## Action item
What you return should be the lines from the first line of the records below through the line holding "unfolding Umat_elem_def by (metis", unchanged.

[Stored entries]
lemma Umat_elem_carrier [simp]: "Umat_elem n m a \<in> carrier_mat n n"
  and dim_Umat_elem [simp]: "dim_row (Umat_elem n m a) = n" "dim_col (Umat_elem n m a) = n"
  by (auto simp: Umat_elem_def)

lemma index_Umat_elem: "i < n \<Longrightarrow> j < n \<Longrightarrow>
    Umat_elem n m a $$ (i, j) = (if i = j then 1 else if j = m - 1 \<and> i < m - 1 then a i else 0)"
  by (auto simp: Umat_elem_def)

lemma Umat_elem_cong: "(\<And>i. i < m - 1 \<Longrightarrow> a i = b i) \<Longrightarrow> Umat_elem n m a = Umat_elem n m b"
  unfolding Umat_elem_def by (metis (mono_tags, lifting))

lemma Umat_elem_in_Umat: "Umat_elem n m a \<in> Umat n m"
  by (auto simp: Umat_def index_Umat_elem)

lemma Umat_eq_Umat_elem: "u \<in> Umat n m \<Longrightarrow> u = Umat_elem n m (\<lambda>i. u $$ (i, m - 1))"
  by (intro eq_matI) (auto simp: Umat_def index_Umat_elem)

lemma Umat_elem_mult:
  assumes "1 \<le> m" "m \<le> n"
  shows "Umat_elem n m a * Umat_elem n m b = Umat_elem n m (\<lambda>i. a i + b i)"
proof -
  have "col_mat n (m - 1) (\<lambda>i. if i < m - 1 then a i else 0) *
        col_mat n (m - 1) (\<lambda>i. if i < m - 1 then b i else 0) = 0\<^sub>m n n"
    using assms by (simp add: col_mat_mult col_mat_zero)
  then show ?thesis
    unfolding Umat_elem_def by (subst one_add_mult_one_add_mat) (auto intro!: eq_matI)
qed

## Solution to the exercise
lemma Umat_elem_carrier [simp]: "Umat_elem n m a \<in> carrier_mat n n"
  and dim_Umat_elem [simp]: "dim_row (Umat_elem n m a) = n" "dim_col (Umat_elem n m a) = n"
  by (auto simp: Umat_elem_def)

lemma index_Umat_elem: "i < n \<Longrightarrow> j < n \<Longrightarrow>
    Umat_elem n m a $$ (i, j) = (if i = j then 1 else if j = m - 1 \<and> i < m - 1 then a i else 0)"
  by (auto simp: Umat_elem_def)

lemma Umat_elem_cong: "(\<And>i. i < m - 1 \<Longrightarrow> a i = b i) \<Longrightarrow> Umat_elem n m a = Umat_elem n m b"
  unfolding Umat_elem_def by (metis (mono_tags, lifting))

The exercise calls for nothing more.